Екатерина знала, что красавица, примечала, что интересна людям, и на неё всегда смотрели, заглядывались. Она, не возгордившись ничуть, отчасти даже привыкла к этому, несомненно, льстящему, приятному участию.
Однако когда она тайком съездила к мощам святителя Иннокентия Иркутского, то мало-помалу стала замечать, что теперь на неё смотрят как-то по-особенному: смотрят на неё люди – и их лица, казалось ей, становятся хотя бы чуточку, но светлее, бодрее или просто покойнее. Или так стало получаться: взглянул на неё человек как-нибудь хмуро, а то и сердито, – да неожиданно заулыбался неизвестно отчего. И вот теперь выясняется, что и она сама улыбается, что улыбка вроде как вовсе не сходит с её лица. Никто не решился сказать ей – «улыбаешься дурочкой деревенской», а мать, родной человек, сказала. И Екатерина поняла, разгадала:
«Я жду чуда – я жду ребёнка. Он – радость. А потому и выбивается из меня улыбка сама собой. Иннокентий заронил в меня надежду, и я переменилась, и некоторые люди, с которыми я вместе и рядом, наверное, тоже как-нибудь переменяются, может быть, становятся лучше».
Она, перебирая в памяти события той поры, не сразу, но догадалась, что перемены в ней начались не после поездки, а тотчас же, как она переступила порог того жуткого подвального складского помещения, в котором хранились мощи, по словам старичка-смотрителя, нашего, родного святого, чудотворца сибирьского и всерассеиского. Помнила с отрадой свои те ощущения: какие-то секунды – и она перед мощами превратилась в ребёнка, в девочку маленькую, несмышлёную, но душой распахнутую.
– Здравствуйте, святитель чудотворец Иннокентий Иркутский, – сказала она тогда, и сказала неподобающим образом, совершенно не по чину строгому и обязательному.
И, по совету Евдокии Павловны, попросила желаемое по-простому, совсем не молитвенным словами, а будто у отца родного девочкой попросила гостинца:
– Отец наш святой Иннокентий, пошли мне ребёночка.
Ей было совестно за свою «наивную выходку», но – как получилось, так получилось.

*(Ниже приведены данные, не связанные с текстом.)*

(* Let $K$ be a real compact nc convex set. Then the real operator system $A(K)$ has trivial involution ($f^*=f$ for all $f\in A(K)$) if and only if $K$ is symmetric. Equivalently, a real operator system $V$ has trivial involution if and only if $\varphi(v)^{\mathsf T}=\varphi(v)$ for every $n$, every $\varphi\in\mathrm{UCP}(V,M_n(\mathbb{R}))$ and every $v\in V$.
   Context: A real compact nc convex set $K$ over a real dual operator space $E$ is a graded set $K=\bigsqcup_nK_n$, $K_n\subseteq M_n(E)$ weak$^*$ compact, closed under direct sums $\sum\alpha_ix_i\alpha_i^{\mathsf T}$ and compressions $\beta^{\mathsf T}x\beta$ by real isometries. $K$ is called symmetric if every $k=[k_{ij}]\in K_n$ satisfies $k^{\mathsf T}=k$, i.e. $k_{ji}=k_{ij}$ for all $i,j$. $A(K)$ is the real operator system of continuous nc affine maps $K\to\bigsqcup_nM_n(\mathbb{R})$ with involution $f^*(k)=f(k)^{\mathsf T}$, cones $M_n(A(K))^+=\{[f_{ij}]:[f_{ij}(k)]\ge0\ \forall k\}$ and unit the constant $1$. Every real compact nc convex set $K$ is nc affinely homeomorphic to $\mathrm{ncS}(A(K))=\bigsqcup_n\mathrm{UCP}(A(K),M_n(\mathbb{R}))$ via $k\mapsto(f\mapsto f(k))$. *)

theory Defs
  imports "HOL-Analysis.Analysis"
begin

text \<open>An m x n matrix with entries in 'a is a function nat => nat => 'a vanishing
  outside the index box {0..<m} x {0..<n}.\<close>

definition mat_sz :: "nat \<Rightarrow> nat \<Rightarrow> (nat \<Rightarrow> nat \<Rightarrow> 'a::zero) set" where
  "mat_sz m n = {X. \<forall>i j. (m \<le> i \<or> n \<le> j) \<longrightarrow> X i j = 0}"

definition mtr :: "(nat \<Rightarrow> nat \<Rightarrow> 'a) \<Rightarrow> (nat \<Rightarrow> nat \<Rightarrow> 'a)" where
  "mtr X = (\<lambda>i j. X j i)"

definition id_mat :: "nat \<Rightarrow> (nat \<Rightarrow> nat \<Rightarrow> real)" where
  "id_mat n = (\<lambda>i j. if i < n \<and> j = i then 1 else 0)"

definition real_isometry :: "nat \<Rightarrow> nat \<Rightarrow> (nat \<Rightarrow> nat \<Rightarrow> real) \<Rightarrow> bool" where
  "real_isometry n m \<beta> \<longleftrightarrow> \<beta> \<in> mat_sz n m \<and>
     (\<forall>j<m. \<forall>k<m. (\<Sum>i<n. \<beta> i j * \<beta> i k) = (if j = k then 1 else 0))"

definition mconj :: "nat \<Rightarrow> nat \<Rightarrow> (nat \<Rightarrow> nat \<Rightarrow> real) \<Rightarrow> (nat \<Rightarrow> nat \<Rightarrow> 'a::real_vector)
    \<Rightarrow> (nat \<Rightarrow> nat \<Rightarrow> 'a)" where
  "mconj n p \<alpha> X = (\<lambda>i j. if i < n \<and> j < n
      then (\<Sum>c<p. \<Sum>d<p. (\<alpha> i c * \<alpha> j d) *\<^sub>R X c d) else 0)"

definition msum :: "nat \<Rightarrow> (nat \<Rightarrow> nat \<Rightarrow> nat \<Rightarrow> 'a::comm_monoid_add) \<Rightarrow> (nat \<Rightarrow> nat \<Rightarrow> 'a)" where
  "msum p M = (\<lambda>i j. \<Sum>k<p. M k i j)"

text \<open>E is the dual of a real Banach space F (the predual operator space); elements of
  M_n(E) are zero-padded matrices of bounded functionals on F.\<close>

type_synonym 'f emat = "nat \<Rightarrow> nat \<Rightarrow> ('f \<Rightarrow>\<^sub>L real)"

definition weakstar_top :: "('f::real_normed_vector) emat topology" where
  "weakstar_top = pullback_topology UNIV
      (\<lambda>X (t :: nat \<times> nat \<times> 'f). blinfun_apply (X (fst t) (fst (snd t))) (snd (snd t))) euclidean"

definition nc_dir_sum_hyp :: "(nat \<Rightarrow> 'a set) \<Rightarrow> nat \<Rightarrow> nat \<Rightarrow> (nat \<Rightarrow> nat)
    \<Rightarrow> (nat \<Rightarrow> nat \<Rightarrow> nat \<Rightarrow> real) \<Rightarrow> (nat \<Rightarrow> 'a) \<Rightarrow> bool" where
  "nc_dir_sum_hyp K n p ns \<alpha> xs \<longleftrightarrow> 1 \<le> n \<and>
     (\<forall>i<p. 1 \<le> ns i \<and> xs i \<in> K (ns i) \<and> real_isometry n (ns i) (\<alpha> i)) \<and>
     msum p (\<lambda>i. (\<lambda>a b. \<Sum>c<ns i. \<alpha> i a c * \<alpha> i b c)) = id_mat n"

Теперь ничего не вычеркнешь, не переменишь.
«Нет, мама, я стала не дурочкой, я стала счастливой», – подчас хотелось ей сказать матери; но они не столь часто бывали вместе.
Однако в чём состояло её нынешнее счастье, – она не могла себе ясно и однозначно объяснить.

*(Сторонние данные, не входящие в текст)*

definition bipotent_semiring :: "'b bsr \<Rightarrow> bool" where
  "bipotent_semiring N \<longleftrightarrow>
     bzero N \<in> bcar N \<and> bone N \<in> bcar N \<and>
     (\<forall>a\<in>bcar N. \<forall>b\<in>bcar N. badd N a b \<in> bcar N \<and> bmul N a b \<in> bcar N) \<and>
     (\<forall>a\<in>bcar N. \<forall>b\<in>bcar N. \<forall>c\<in>bcar N. badd N (badd N a b) c = badd N a (badd N b c)) \<and>
     (\<forall>a\<in>bcar N. \<forall>b\<in>bcar N. badd N a b = badd N b a) \<and>
     (\<forall>a\<in>bcar N. badd N (bzero N) a = a) \<and>
     (\<forall>a\<in>bcar N. \<forall>b\<in>bcar N. \<forall>c\<in>bcar N. bmul N (bmul N a b) c = bmul N a (bmul N b c)) \<and>
     (\<forall>a\<in>bcar N. \<forall>b\<in>bcar N. bmul N a b = bmul N b a) \<and>
     (\<forall>a\<in>bcar N. bmul N (bone N) a = a) \<and>
     (\<forall>a\<in>bcar N. bmul N (bzero N) a = bzero N) \<and>
     (\<forall>a\<in>bcar N. \<forall>b\<in>bcar N. \<forall>c\<in>bcar N. bmul N a (badd N b c) = badd N (bmul N a b) (bmul N a c)) \<and>
     (\<forall>a\<in>bcar N. \<forall>b\<in>bcar N. badd N a b = a \<or> badd N a b = b)"

definition bless :: "'b bsr \<Rightarrow> 'b \<Rightarrow> 'b \<Rightarrow> bool" where
  "bless N a b \<longleftrightarrow> badd N a b = b \<and> a \<noteq> b"

definition ghost_hom :: "('a, 'c) stmon_scheme \<Rightarrow> 'b bsr \<Rightarrow> ('a \<Rightarrow> 'b) \<Rightarrow> bool" where
  "ghost_hom U N \<gamma> \<longleftrightarrow>
     (\<forall>x\<in>ghosts U. \<gamma> x \<in> bcar N) \<and>
     \<gamma> (szero U) = bzero N \<and> \<gamma> (se U) = bone N \<and>
     (\<forall>x\<in>ghosts U. \<forall>y\<in>ghosts U. \<gamma> (smul U x y) = bmul N (\<gamma> x) (\<gamma> y)) \<and>
     (\<forall>x\<in>ghosts U. \<forall>y\<in>ghosts U. \<gamma> (gmax U x y) = badd N (\<gamma> x) (\<gamma> y))"

text \<open>The supertropical monoid structure on U/E making \<pi>_E a transmission:
  classes are multiplied via representatives, and the order on ghost classes is
  the image order.\<close>
definition quot :: "('a, 'c) stmon_scheme \<Rightarrow> ('a \<times> 'a) set \<Rightarrow> 'a set stmon" where
  "quot U E =
    \<lparr> car = car U // E,
      smul = (\<lambda>X Y. E `` {smul U (SOME x. x \<in> X) (SOME y. y \<in> Y)}),
      sone = E `` {sone U},
      szero = E `` {szero U},
      se = E `` {se U},
      sgle = (\<lambda>X Y. \<exists>x\<in>X. \<exists>y\<in>Y. x \<in> ghosts U \<and> y \<in> ghosts U \<and> sgle U x y) \<rparr>"

definition proj :: "('a \<times> 'a) set \<Rightarrow> 'a \<Rightarrow> 'a set" where
  "proj E x = E `` {x}"

definition Frel :: "('a, 'c) stmon_scheme \<Rightarrow> 'b bsr \<Rightarrow> ('a \<Rightarrow> 'b) \<Rightarrow> ('a \<times> 'a) set" where
  "Frel U N \<gamma> = {(x, y). x \<in> car U \<and> y \<in> car U \<and>
     (x = y \<or> (x \<in> ghosts U \<and> y \<in> ghosts U \<and> \<gamma> x = \<gamma> y) \<or>
      (\<gamma> (smul U (se U) x) = bzero N \<and> \<gamma> (smul U (se U) y) = bzero N))}"

definition Dset :: "('a, 'c) stmon_scheme \<Rightarrow> 'a set" where
  "Dset V = ghosts V \<union>
     {smul V y z | y z. y \<in> car V \<and> z \<in> car V \<and>
        (\<exists>y'\<in>ghosts V. sgless V y' (smul V (se V) y) \<and>
           smul V y' z = smul V (smul V (se V) y) z)}"

definition Erel :: "('a, 'c) stmon_scheme \<Rightarrow> 'a set \<Rightarrow> ('a \<times> 'a) set" where
  "Erel V D = {(x, y). x \<in> car V \<and> y \<in> car V \<and>
     (x = y \<or> (x \<in> D \<and> y \<in> D \<and> smul V (se V) x = smul V (se V) y))}"

definition hat :: "('a, 'c) stmon_scheme \<Rightarrow> 'a set stmon" where
  "hat V = quot V (Erel V (Dset V))"

definition sigma :: "('a, 'c) stmon_scheme \<Rightarrow> 'a \<Rightarrow> 'a set" where
  "sigma V = proj (Erel V (Dset V))"

definition alpha :: "('a, 'c) stmon_scheme \<Rightarrow> 'b bsr \<Rightarrow> ('a \<Rightarrow> 'b) \<Rightarrow> 'a \<Rightarrow> 'a set set" where
  "alpha U N \<gamma> = sigma (quot U (Frel U N \<gamma>)) \<circ> proj (Frel U N \<gamma>)"

definition DUgamma :: "('a, 'c) stmon_scheme \<Rightarrow> 'b bsr \<Rightarrow> ('a \<Rightarrow> 'b) \<Rightarrow> 'a set" where
  "DUgamma U N \<gamma> = ghosts U \<union>
     {smul U y z | y z. y \<in> car U \<and> z \<in> car U \<and>
        (\<exists>y'\<in>ghosts U. bless N (\<gamma> y') (\<gamma> (smul U (se U) y)) \<and>
           \<gamma> (smul U y' z) = \<gamma> (smul U (smul U (se U) y) z))}"

end

theory Submission
  imports Defs
begin

text \<open>
  \<open>F(U,\<gamma>)\<close> identifies only ghosts with equal \<open>\<gamma>\<close>-value and the elements of the
  fibre \<open>\<gamma>(ex) = 0\<close>, and it is multiplicative. So the ghosts of \<open>V = U/F(U,\<gamma>)\<close>
  are the classes of ghosts of \<open>U\<close>, compared through \<open>\<gamma>\<close>, and off the zero fibre
  the class of \<open>x\<close> is an NC-product of \<open>V\<close> exactly when \<open>x\<close> is a ghost or a
  \<open>\<gamma>\<close>-NC-product of \<open>U\<close>. Pulling \<open>E(V,D(V))\<close> back along \<open>\<pi>\<^sub>F\<close> then gives
  the stated relation.
\<close>

lemma equiv_Erel: "equiv (car V) (Erel V D)"
  by (rule equivI) (auto simp: Erel_def refl_on_def sym_def trans_def)

locale supertropical_ghost_hom =
  fixes U :: "'a stmon" and N :: "'b bsr" and \<gamma> :: "'a \<Rightarrow> 'b"
  assumes supertropical: "supertropical_monoid U"
    and bipotent: "bipotent_semiring N"
    and hom: "ghost_hom U N \<gamma>"
begin

abbreviation mul (infixl "\<odot>" 70) where "x \<odot> y \<equiv> smul U x y"
abbreviation e where "e \<equiv> se U"
abbreviation F where "F \<equiv> Frel U N \<gamma>"
abbreviation V where "V \<equiv> quot U F"

lemma mul_closed: "x \<in> car U \<Longrightarrow> y \<in> car U \<Longrightarrow> x \<odot> y \<in> car U"
  using supertropical unfolding supertropical_monoid_def by (elim conjE) blast

lemma mul_assoc: "x \<in> car U \<Longrightarrow> y \<in> car U \<Longrightarrow> z \<in> car U \<Longrightarrow> x \<odot> y \<odot> z = x \<odot> (y \<odot> z)"
  using supertropical unfolding supertropical_monoid_def by (elim conjE) blast

lemma mul_comm: "x \<in> car U \<Longrightarrow> y \<in> car U \<Longrightarrow> x \<odot> y = y \<odot> x"
  using supertropical unfolding supertropical_monoid_def by (elim conjE) blast

lemma e_closed: "e \<in> car U"
  using supertropical unfolding supertropical_monoid_def by (elim conjE) blast

lemma e_idem: "e \<odot> e = e"
  using supertropical unfolding supertropical_monoid_def by (elim conjE) blast

lemma sgle_total: "a \<in> ghosts U \<Longrightarrow> b \<in> ghosts U \<Longrightarrow> sgle U a b \<or> sgle U b a"
  using supertropical unfolding supertropical_monoid_def by (elim conjE) blast

lemma ghostsI: "x \<in> car U \<Longrightarrow> e \<odot> x \<in> ghosts U"
  unfolding ghosts_def by blast

lemma ghostsD:
  assumes "a \<in> ghosts U"
  shows "a \<in> car U" and "e \<odot> a = a"
proof -
  obtain x where x: "x \<in> car U" "a = e \<odot> x"
    using assms unfolding ghosts_def by blast
  then show "a \<in> car U" using mul_closed e_closed by simp
  show "e \<odot> a = a" using x e_idem e_closed mul_assoc[of e e x, symmetric] by simp
qed

lemma ghost_mul: "a \<in> ghosts U \<Longrightarrow> u \<in> car U \<Longrightarrow> a \<odot> u \<in> ghosts U"
  using ghostsI[of "a \<odot> u"] ghostsD[of a] mul_assoc[of e a u] mul_closed e_closed by simp

lemma e_mul_distrib:
  assumes "x \<in> car U" and "y \<in> car U"
  shows "e \<odot> (x \<odot> y) = (e \<odot> x) \<odot> (e \<odot> y)"
proof -
  have "(e \<odot> x) \<odot> (e \<odot> y) = e \<odot> (x \<odot> e) \<odot> y"
    using assms e_closed mul_closed by (simp add: mul_assoc)
  also have "\<dots> = e \<odot> e \<odot> x \<odot> y"
    using assms e_closed mul_closed by (simp add: mul_comm[of x e] mul_assoc)
  finally show ?thesis
    using assms e_closed mul_closed by (simp add: e_idem mul_assoc)
qed

lemma gamma_closed: "a \<in> ghosts U \<Longrightarrow> \<gamma> a \<in> bcar N"
  using hom unfolding ghost_hom_def by blast

lemma gamma_mul: "a \<in> ghosts U \<Longrightarrow> b \<in> ghosts U \<Longrightarrow> \<gamma> (a \<odot> b) = bmul N (\<gamma> a) (\<gamma> b)"
  using hom unfolding ghost_hom_def by blast

lemma gamma_mono: "a \<in> ghosts U \<Longrightarrow> b \<in> ghosts U \<Longrightarrow> sgle U a b \<Longrightarrow> badd N (\<gamma> a) (\<gamma> b) = \<gamma> b"
  using hom unfolding ghost_hom_def gmax_def by force

lemma gamma_e_mul:
  "x \<in> car U \<Longrightarrow> y \<in> car U \<Longrightarrow> \<gamma> (e \<odot> (x \<odot> y)) = bmul N (\<gamma> (e \<odot> x)) (\<gamma> (e \<odot> y))"
  by (simp add: e_mul_distrib gamma_mul ghostsI)

lemma bless_asym: "a \<in> bcar N \<Longrightarrow> b \<in> bcar N \<Longrightarrow> bless N a b \<Longrightarrow> badd N b a \<noteq> a"
  using bipotent unfolding bipotent_semiring_def bless_def by metis

lemma bzero_mul: "a \<in> bcar N \<Longrightarrow> bmul N (bzero N) a = bzero N"
  using bipotent unfolding bipotent_semiring_def by blast

lemma Frel_iff:
  assumes "x \<in> car U" and "y \<in> car U"
  shows "(x, y) \<in> F \<longleftrightarrow> x = y \<or> (x \<in> ghosts U \<and> y \<in> ghosts U \<and> \<gamma> (e \<odot> x) = \<gamma> (e \<odot> y))
    \<or> (\<gamma> (e \<odot> x) = bzero N \<and> \<gamma> (e \<odot> y) = bzero N)"
  using assms ghostsD(2) unfolding Frel_def by auto

lemma Frel_gamma_eq: "(x, y) \<in> F \<Longrightarrow> \<gamma> (e \<odot> x) = \<gamma> (e \<odot> y)"
  unfolding Frel_def using ghostsD by auto

lemma equiv_Frel: "equiv (car U) F"
proof (rule equivI)
  show "F \<subseteq> car U \<times> car U" unfolding Frel_def by auto
  show "refl_on (car U) F" unfolding Frel_def refl_on_def by auto
  show "sym F" unfolding Frel_def sym_def by auto
  show "trans F"
  proof (rule transI)
    fix x y z assume xy: "(x, y) \<in> F" and yz: "(y, z) \<in> F"
    have "\<gamma> (e \<odot> x) = \<gamma> (e \<odot> y)" "\<gamma> (e \<odot> y) = \<gamma> (e \<odot> z)"
      using Frel_gamma_eq xy yz by blast+
    with xy yz show "(x, z) \<in> F" unfolding Frel_def by (auto simp: ghostsD(2))
  qed
qed

lemma Frel_mul_right:
  assumes xx': "(x, x') \<in> F" and z: "z \<in> car U"
  shows "(x \<odot> z, x' \<odot> z) \<in> F"
proof -
  have x: "x \<in> car U" "x' \<in> car U" using xx' unfolding Frel_def by auto
  then have xz: "x \<odot> z \<in> car U" "x' \<odot> z \<in> car U" using mul_closed z by auto
  have gamma_eq: "\<gamma> (e \<odot> (x \<odot> z)) = \<gamma> (e \<odot> (x' \<odot> z))"
    using gamma_e_mul[OF x(1) z] gamma_e_mul[OF x(2) z] Frel_gamma_eq[OF xx'] by simp
  consider "x = x'" | "x \<in> ghosts U" "x' \<in> ghosts U" | "\<gamma> (e \<odot> x) = bzero N"
    using xx' Frel_iff[OF x] by auto
  then show ?thesis
  proof cases
    case 1
    then show ?thesis using Frel_iff[OF xz] by simp
  next
    case 2
    then show ?thesis using Frel_iff[OF xz] ghost_mul z gamma_eq by simp
  next
    case 3
    then have "\<gamma> (e \<odot> (x \<odot> z)) = bzero N"
      using gamma_e_mul[OF x(1) z] bzero_mul gamma_closed ghostsI z by simp
    then show ?thesis using Frel_iff[OF xz] gamma_eq by simp
  qed
qed

lemma Frel_mul: "(x, x') \<in> F \<Longrightarrow> (y, y') \<in> F \<Longrightarrow> (x \<odot> y, x' \<odot> y') \<in> F"
proof -
  assume xx': "(x, x') \<in> F" and yy': "(y, y') \<in> F"
  have c: "x' \<in> car U" "y \<in> car U" "y' \<in> car U" using xx' yy' unfolding Frel_def by auto
  have "(x \<odot> y, x' \<odot> y) \<in> F" using Frel_mul_right xx' c by simp
  moreover have "(x' \<odot> y, x' \<odot> y') \<in> F"
    using Frel_mul_right[OF yy' c(1)] mul_comm c by simp
  ultimately show ?thesis using equiv_Frel unfolding equiv_def trans_def by blast
qed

«Но что бы ни было, а я жду и верю. Может, такое счастье моё?»
Она оставалась хорошей, верной и старательной, прихожанкой. Исправно ходила на службы в храм, исповедовалась, причащалась. А дома, тихонько, чтобы не мешать самозабвенно писавшему диссертацию Леонардо, молилась перед киотом, перед Державной.
По приезде рассказала о «выходке» своему духовнику отцу Марку, ставшему к тому же для неё и другом добросердечным, и деликатным наставником, и учителем по жизни. У отца Марка не было детей, не было семьи, потому что ещё с молодых лет он хотел высокого духовного служения в сосредоточенности и даже в отшельническом одиночестве. И такая жизнь, такое служение, но без отшельничества, хотя и уже на склоне лет, в нынешней его предстарческой поре, были ему дарованы судьбой и небом. Однако сердце человеческое живёт по неведомым самому человеку законам и уставам, и что бы человек, но не обуянный пагубными страстями и стремлениями, не замыслил для себя, сердце всё одно подправит его, со всей рачительностью, на которую способно в этом мире только сердце наше. Так и с отцом Марком случилось: всем своим надорванным, но добрым сердцем он полюбил Екатерину, эту славную девушку, полюбил как дочь, как младшую сестрёнку, которую непременно нужно защищать и оберегать.